> EXERCISE AIM
Among the records below, find the line that has "obtain s p where"; from there, give the lines again exactly, and stop after the line that has "is defined below.".

[Extracted data entries]
------------------------------------------------------------------------
(* Let $A\subset(0,1)^n$ be an open subanalytic cell which is prepared with center $0$, and let $J=\{i\in\{1,\dots,n\}: x_i \text{ is asymptotically undetermined on } A\}$. Then for any nonzero $\gamma\in\mathbb{Q}^n$ with support in $J$, the image of the function $A\to\mathbb{R}$, $x\mapsto x^\gamma=\prod_i x_i^{\gamma_i}$, is not contained in any compact subset of $(0,+\infty)$.
   Context: "Subanalytic" means globally subanalytic (definable in the real field expanded by all restricted analytic functions). A function on a set is analytic if it extends analytically to an open neighbourhood; an analytic unit is an analytic function of constant nonzero sign. Subanalytic terms: finite compositions of restricted analytic functions, $+$, $\times$ and the functions $t\mapsto t^r$ ($t\ge0$), $0$ ($t<0$), $r\in\mathbb{Q}$. A subanalytic cell $A\subset\mathbb{R}^n$ is a set such that for every $i$, $\Pi_i(A)$ is a subanalytic cylinder over $\Pi_{i-1}(A)$ in the variable $x_i$, i.e. $\Pi_{i-1}(A)$ is defined quantifier-freely by subanalytic terms, $=,<$, and $\Pi_i(A)$ is the graph $x_i=a(x_{<i})$, or $x_i>a$, or $x_i<a$, or $a<x_i<b$ over $\Pi_{i-1}(A)$ with $a<b$ analytic subanalytic terms (for $i=1$: a point or an open interval). The cell is open if no $\Pi_i(A)$ is a graph. For an open cell $A\subset(0,1)^n$ the zero tuple is a center, with coordinates $x$ themselves. Write, for $i=1,\dots,n$, $\Pi_i(A)=\{x_{\le i}: x_{<i}\in\Pi_{i-1}(A),\ a_i(x_{<i})<x_i<b_i(x_{<i})\}$. A strong subanalytic unit on such an open cell $A'\subset(0,1)^k$ with center $0$ is $U\circ\varphi$ with $\varphi(x)=(x^{\beta_1},\dots,x^{\beta_N})$ bounded on $A'$, $\beta_j\in\mathbb{Q}^k$, and $U$ an analytic unit on the closure of the image of $\varphi$. $x_i$ is asymptotically determined on $A$ if there is $C>0$ with $b_i<Ca_i$ on $\Pi_{i-1}(A)$, asymptotically undetermined otherwise. $\gamma\in\mathbb{Q}^n$ has support in $J$ if $\gamma_i=0$ for $i\notin J$. Preparedness (for open cells $A'\subset(0,1)^k$ with center $0$), defined by induction on $k$ for $J'$ a subset of the asymptotically undetermined indices: for $k=0$ everything is $\emptyset$-prepared; for $k\ge1$, $A'$ is $J'$-prepared if the family $\{a_k,b_k,b_k-a_k\}$ is $(J'\cap\{1,\dots,k-1\})$-prepared on $\Pi_{k-1}(A')$ with center $0$ and $0$ lies in the closure of the image of $a_k$; a finite family $\mathcal{F}$ of subanalytic functions on $A'$ is $J'$-prepared on $A'$ if $A'$ is $J'$-prepared and each $g\in\mathcal{F}$ is either $0$ on $A'$ or equals $x^\alpha u(x)$ with $u$ a strong subanalytic unit with center $0$ and $\alpha$ with support in $J'$. "Prepared" means $J'$-prepared with $J'$ the set of all asymptotically undetermined indices. *)

theory Defs
  imports "HOL-Analysis.Analysis"
begin
(* Let $n,m\ge 1$ be integers and consider the shifting-checkers game with $n$ black and $m$ white checkers (defined in the context). Every optimal solution of the game (i.e. every move sequence from the initial configuration to the final configuration using the minimum possible number of moves) uses only the following four kinds of moves: (1) a black checker slides one position to the right into the vacancy; (2) a white checker slides one position to the left into the vacancy; (3) a black checker jumps to the right over an adjacent white checker into the vacancy; (4) a white checker jumps to the left over an adjacent black checker into the vacancy.
   Context: The game: there are $n+m+1$ positions in a row, numbered $1,\dots,n+m+1$. A configuration assigns to each position a black checker, a white checker, or nothing, with exactly one empty position (the vacancy). Writing $b$ for black, $w$ for white and $O$ for the vacancy, the initial configuration is $b^nOw^m$ (blacks at $1,\dots,n$, vacancy at $n+1$, whites at $n+2,\dots,n+m+1$) and the final configuration is $w^mOb^n$. A move is either a slide (a checker at a position adjacent to the vacancy moves into the vacancy) or a jump (a checker at distance two from the vacancy jumps over the checker between them into the vacancy); moves in either direction and over checkers of either colour are permitted. A solution is a finite sequence of moves transforming the initial configuration into the final one; it is optimal if no solution has fewer moves. *)

theory Defs
  imports Main
begin

datatype cell = Black | White | Empty

type_synonym config = "cell list"

text \<open>Positions 1..n+m+1 of the paper are list indices 0..n+m.\<close>

definition initial :: "nat \<Rightarrow> nat \<Rightarrow> config" where
  "initial n m = replicate n Black @ [Empty] @ replicate m White"

definition final :: "nat \<Rightarrow> nat \<Rightarrow> config" where
  "final n m = replicate m White @ [Empty] @ replicate n Black"
lemma
  assumes "n \<ge> 1"
  defines "S \<equiv> {real n, real n + 1} \<union> {x \<in> {real n..real n + 1}. cos (pi * (real n)\<^sup>2 * x) = 0}"
  shows finite_bump_deriv_singularities: "finite S"
    and bump_deriv_has_vector_derivative_off:
      "x \<notin> S \<Longrightarrow> (bump_deriv n has_vector_derivative bump_deriv2 n x) (at x)"
  using assms finite_cos_zeros[of "pi * (real n)\<^sup>2"]
  by (auto intro!: bump_deriv_has_vector_derivative)

lemma AC_loc_bump_deriv:
  assumes "n \<ge> 1"
  shows "AC_loc (bump_deriv n)"
  by (rule AC_loc_bounded_derivative[OF finite_bump_deriv_singularities[OF assms]
        continuous_on_bump_deriv bump_deriv_has_vector_derivative_off[OF assms]
        norm_bump_deriv2_le[OF assms]])

lemma L2_bump: "L2 (bump n)"
  using norm_bump_le
  by (intro L2_bounded_support(1)[of _ 1 "real n" "real n + 1"]
      borel_measurable_continuous_onI[OF continuous_on_bump]) auto

lemma bump_in_L0:
  assumes "n \<ge> 1"
  shows "(bump n, bump_image n) \<in> L0 potential"
proof -
  have "L2 (bump_image n)"
    using L2_bounded_support(1)[OF bump_image_measurable norm_bump_image_le[OF assms]] by simp
  moreover have "AE x in Mplus. (bump n has_vector_derivative bump_deriv n x) (at x)"
    by (rule AE_Mplus_finite_exceptions[of "{real n, real n + 1}"])
      (auto intro: bump_has_vector_derivative)
  moreover have "AE x in Mplus. (bump_deriv n has_vector_derivative bump_deriv2 n x) (at x)"
    by (rule AE_Mplus_finite_exceptions[OF finite_bump_deriv_singularities[OF assms]])
      (rule bump_deriv_has_vector_derivative_off[OF assms])
  moreover have "bump n 0 = 0" "bump_deriv n 0 = 0"
    using assms by (auto simp: bump_def bump_deriv_def)
  moreover have "\<exists>x0>0. \<forall>x \<ge> x0. bump n x = 0"
    by (intro exI[of _ "real n + 2"]) (simp add: bump_def)
  moreover have "ae_eq (bump_image n) (\<lambda>x. - bump_deriv2 n x + potential x * bump n x)"
    unfolding ae_eq_def bump_image_eq by simp
  ultimately show ?thesis
    unfolding L0_def using L2_bump AC_loc_bump[OF assms] AC_loc_bump_deriv[OF assms] by blast
qed

lemma L2_norm_bump_image_diff_le:
  assumes "n \<ge> 1"
  shows "L2_norm (\<lambda>x. bump_image n x - lam * bump n x) \<le> 2 * pi\<^sup>2 + pi + (pi + 1) + cmod lam"
proof -
  have [measurable]: "bump_image n \<in> borel_measurable borel" "bump n \<in> borel_measurable borel"
    by (rule bump_image_measurable, rule borel_measurable_continuous_onI[OF continuous_on_bump])
  have "cmod (bump_image n x - lam * bump n x)
      \<le> (2 * pi\<^sup>2 + pi + (pi + 1) + cmod lam) * indicator {real n..real n + 1} x" for x
    using norm_triangle_ineq4[of "bump_image n x" "lam * bump n x"]
      norm_bump_image_le[OF assms, of x] norm_bump_le[of n x]
      mult_left_mono[OF norm_bump_le[of n x], of "cmod lam"]
    by (simp add: norm_mult distrib_right)
  from L2_bounded_support(2)[OF _ this] show ?thesis
    using pi_gt_zero by simp
qed
lemma dmap_Y'_Z'_factors_through_X_X:
  fixes e u :: "'k::field mat \<Rightarrow> 'k"
  assumes e: "dmap_nonzero n X X e" and u: "dmap_nonzero n Y' Z' u"
  shows "\<exists>F G. tmap n Y' X F \<and> tmap n X Z' G \<and> dmap_eq n Y' Z' u (dcomp Y' Z' F e G)"
proof -
  have "\<exists>k. hom_shift n Z' (tau2 n Y') k"
    using u ex_dmap_nonzero_iff by blast
  then have "s = 0" "b = n - 1" "b - q = c + 1 + t"
    unfolding hom_shift_Z'_tau2_Y'_iff using Z'_bound by auto
  show ?thesis
  proof (rule dmap_factors_through_shifts[where i = 0 and j = "q - 1" and l = "b - q" and k = "b - 1"])
    show "{k. hom_shift n Z' (tau2 n Y') k} = {q - 1}"
      using hom_shift_Z'_tau2_Y'_iff \<open>s = 0\<close> \<open>b = n - 1\<close> \<open>b - q = c + 1 + t\<close> Z'_bound by auto
    show "{k. hom_shift n X (tau2 n X) k} = {b - 1}"
      using hom_shift_X_tau2_X_iff \<open>b = n - 1\<close> by auto
    show "hom_shift n Y' X 0"
      unfolding hom_shift_obj using \<open>s = 0\<close> p_pos Y'_in_wing c_le by simp
    show "hom_shift n X Z' (b - q)"
      unfolding hom_shift_obj using \<open>b - q = c + 1 + t\<close> q_pos Z'_bound by (simp add: ac_simps)
    show "0 + (q - 1) + (b - q) = b - 1"
      using q_pos Z'_bound by simp
    show "dmap n Y' Z' u"
      using u unfolding dmap_nonzero_def by blast
  qed (rule e)
qed

end

theorem lemma2p2:
  fixes n :: nat and a :: int and b c :: nat
  assumes kclosed: "alg_closed_type TYPE('k::field)"
    and n2: "2 \<le> n"
    and b3: "3 \<le> b" and bn: "b \<le> n - 1"
    and c1: "1 \<le> c" and cb: "c \<le> b - 2"
  defines "X \<equiv> obj n a b"
    and "Y \<equiv> obj n a c"
    and "Z \<equiv> obj n (a + int c + 1) (b - c - 1)"
  assumes Y'_in: "Y' \<in> wing n Y" and Z'_in: "Z' \<in> wing n Z"
  shows
    "\<not> has_nonzero_tmap n Z' Y' TYPE('k)
     \<and> \<not> has_nonzero_tmap n Y' Z' TYPE('k)
     \<and> ((\<exists>u::'k mat \<Rightarrow> 'k. dmap_nonzero n Z' Y' u)
          \<longleftrightarrow> Z' \<in> left_edge n Z \<and> Y' \<in> right_edge n Y)
     \<and> ((\<exists>u::'k mat \<Rightarrow> 'k. dmap_nonzero n Z' Y' u) \<longrightarrow>
          (\<exists>d::'k mat \<Rightarrow> 'k. dmap_nonzero n Z Y d) \<and>
          (\<forall>(d::'k mat \<Rightarrow> 'k) (u::'k mat \<Rightarrow> 'k). dmap_nonzero n Z Y d \<longrightarrow> dmap_nonzero n Z' Y' u \<longrightarrow>
             (\<exists>F G. tmap n Z' Z F \<and> tmap n Y Y' G \<and>
                    dmap_eq n Z' Y' u (dcomp Z' Y' F d G))))
     \<and> ((\<exists>u::'k mat \<Rightarrow> 'k. dmap_nonzero n Y' Z' u)
          \<longleftrightarrow> Z' \<in> right_edge n Z \<and> Y' \<in> left_edge n Y \<and> ql X = n - 1)
     \<and> ((\<exists>u::'k mat \<Rightarrow> 'k. dmap_nonzero n Y' Z' u) \<longrightarrow>
          (\<exists>e::'k mat \<Rightarrow> 'k. dmap_nonzero n X X e) \<and>
          (\<forall>(e::'k mat \<Rightarrow> 'k) (u::'k mat \<Rightarrow> 'k). dmap_nonzero n X X e \<longrightarrow> dmap_nonzero n Y' Z' u \<longrightarrow>
             (\<exists>F G. tmap n Y' X F \<and> tmap n X Z' G \<and>
                    dmap_eq n Y' Z' u (dcomp Y' Z' F e G))))"
proof -
  obtain s p where Y': "Y' = obj n (a + int s) p" "1 \<le> p" "s + p \<le> c"
    using Y'_in unfolding Y_def wing_obj by blast
  obtain t q where Z': "Z' = obj n (a + int c + 1 + int t) q" "1 \<le> q" "t + q \<le> b - c - 1"
    using Z'_in unfolding Z_def wing_obj by blast
  interpret W: subwing_triple n a b c s p t q
    using n2 b3 bn c1 cb Y' Z' by unfold_locales auto
  have ql_X: "ql (obj n a b) = b" by (simp add: ql_def)
  show ?thesis
    unfolding X_def Y_def Z_def Y'(1) Z'(1) ql_X
    using W.no_nonzero_tmap_Z'_Y' W.no_nonzero_tmap_Y'_Z'
      W.ex_dmap_nonzero_Z'_Y'_iff W.ex_dmap_nonzero_Z_Y W.dmap_Z'_Y'_factors_through_Z_Y
      W.ex_dmap_nonzero_Y'_Z'_iff W.ex_dmap_nonzero_X_X W.dmap_Y'_Z'_factors_through_X_X
    by blast
qed
(* Let $\mathcal{H}=(V,\vec H,\bm{w})$ be a finite, loopless, strongly connected, weighted directed hypergraph with $|V|\ge2$, and let $h=(A_h,B_h)\in\vec H$ with $B_h=\{y_1,\dots,y_m\}$. Then for every $\alpha\in[0,1]$, $$\kappa_\alpha(h)\le\frac{1-\alpha}{L(h)}\left(\frac{1}{m}\sum_{j=1}^m C(y_j,\bm{w})+\mathrm{diam}(\mathcal{H})\right),$$ where $C(y_j,\bm w)$ is defined below.
   Context: A weighted directed hypergraph $(V,\vec H,\bm{w})$ has a finite vertex set $V$, a finite set $\vec H$ of hyperedges, each an ordered pair $h=(A_h,B_h)$ of nonempty subsets of $V$, and positive weights $w_h>0$. It is loopless if $A_h\cap B_h=\emptyset$ for all $h$. A directed path from $u$ to $v$ is a sequence of hyperedges $h_1,\dots,h_l$ with $u\in A_{h_1}$, $v\in B_{h_l}$ and $B_{h_j}\cap A_{h_{j+1}}\ne\emptyset$; strongly connected means a directed path exists from $u$ to $v$ for all distinct $u,v$. Quasi-distance: $d(u,v)=\inf_\gamma\sum_{h\in\gamma}w_h$ over directed paths from $u$ to $v$ ($u\neq v$), $d(u,u)=0$; $\mathrm{diam}(\mathcal{H})=\max_{u,v}d(u,v)$. $L(h)=\min_{x\in A_h,y\in B_h}d(x,y)$. $\Gamma^{in}(v)=\{z:\exists h'\text{ with }v\in B_{h'},z\in A_{h'}\}$, $\Gamma^{out}(v)=\{z:\exists h'\text{ with }v\in A_{h'},z\in B_{h'}\}$. For $h$ with $A_h=\{x_1,\dots,x_n\}$, $B_h=\{y_1,\dots,y_m\}$, $\alpha\in[0,1]$: $\mu^\alpha_{A_h}=\sum_i\mu^\alpha_{x_i}$ with $\mu^\alpha_{x_i}(x_i)=\alpha/n$, $\mu^\alpha_{x_i}(z)=(1-\alpha)\sum_{h':x_i\in B_{h'},z\in A_{h'}}\frac{1}{n|A_{h'}|}\frac{w_{h'}}{\sum_{h'':x_i\in B_{h''}}w_{h''}}$ for $z\in\Gamma^{in}(x_i)$, $0$ otherwise; $\mu^\alpha_{B_h}=\sum_j\mu^\alpha_{y_j}$ with $\mu^\alpha_{y_j}(y_j)=\alpha/m$, $\mu^\alpha_{y_j}(z)=(1-\alpha)\sum_{h':y_j\in A_{h'},z\in B_{h'}}\frac{1}{m|B_{h'}|}\frac{w_{h'}}{\sum_{h'':y_j\in A_{h''}}w_{h''}}$ for $z\in\Gamma^{out}(y_j)$, $0$ otherwise. $W(\mu,\nu)=\inf_\pi\sum_{u,v}\pi(u,v)d(u,v)$ over couplings $\pi$ with $\sum_v\pi(u,v)=\mu(u)$, $\sum_u\pi(u,v)=\nu(v)$. $\kappa_\alpha(h)=1-W(\mu^\alpha_{A_h},\mu^\alpha_{B_h})/L(h)$. Definition of $C$: let $d(A_h,z)=\min_{x\in A_h}d(x,z)$. For $y\in B_h$ set $\Gamma^-_y=\{z\in\Gamma^{out}(y):d(A_h,z)<d(A_h,y)\}$, $\Gamma^+_y=\{z\in\Gamma^{out}(y):d(A_h,z)>d(A_h,y)\}$; $C_1(y)=d(A_h,y)-\min_{z\in\Gamma^-_y}d(A_h,z)$ (or $0$ if $\Gamma^-_y=\emptyset$), $C_2(y)=\min_{z\in\Gamma^+_y}d(A_h,z)-d(A_h,y)$ (or $0$ if $\Gamma^+_y=\emptyset$), and $$C(y,\bm w)=\frac{C_1(y)\sum_{z\in\Gamma^-_y}\sum_{h':y\in A_{h'},z\in B_{h'}}\frac{w_{h'}}{|B_{h'}|}-C_2(y)\sum_{z\in\Gamma^+_y}\sum_{h':y\in A_{h'},z\in B_{h'}}\frac{w_{h'}}{|B_{h'}|}}{\sum_{h':y\in A_{h'}}w_{h'}}.$$ *)

theory Defs
  imports Complex_Main
begin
------------------------------------------------------------------------
> RESULT FOR THIS EXERCISE
  obtain s p where Y': "Y' = obj n (a + int s) p" "1 \<le> p" "s + p \<le> c"
    using Y'_in unfolding Y_def wing_obj by blast
  obtain t q where Z': "Z' = obj n (a + int c + 1 + int t) q" "1 \<le> q" "t + q \<le> b - c - 1"
    using Z'_in unfolding Z_def wing_obj by blast
  interpret W: subwing_triple n a b c s p t q
    using n2 b3 bn c1 cb Y' Z' by unfold_locales auto
  have ql_X: "ql (obj n a b) = b" by (simp add: ql_def)
  show ?thesis
    unfolding X_def Y_def Z_def Y'(1) Z'(1) ql_X
    using W.no_nonzero_tmap_Z'_Y' W.no_nonzero_tmap_Y'_Z'
      W.ex_dmap_nonzero_Z'_Y'_iff W.ex_dmap_nonzero_Z_Y W.dmap_Z'_Y'_factors_through_Z_Y
      W.ex_dmap_nonzero_Y'_Z'_iff W.ex_dmap_nonzero_X_X W.dmap_Y'_Z'_factors_through_X_X
    by blast
qed
(* Let $\mathcal{H}=(V,\vec H,\bm{w})$ be a finite, loopless, strongly connected, weighted directed hypergraph with $|V|\ge2$, and let $h=(A_h,B_h)\in\vec H$ with $B_h=\{y_1,\dots,y_m\}$. Then for every $\alpha\in[0,1]$, $$\kappa_\alpha(h)\le\frac{1-\alpha}{L(h)}\left(\frac{1}{m}\sum_{j=1}^m C(y_j,\bm{w})+\mathrm{diam}(\mathcal{H})\right),$$ where $C(y_j,\bm w)$ is defined below.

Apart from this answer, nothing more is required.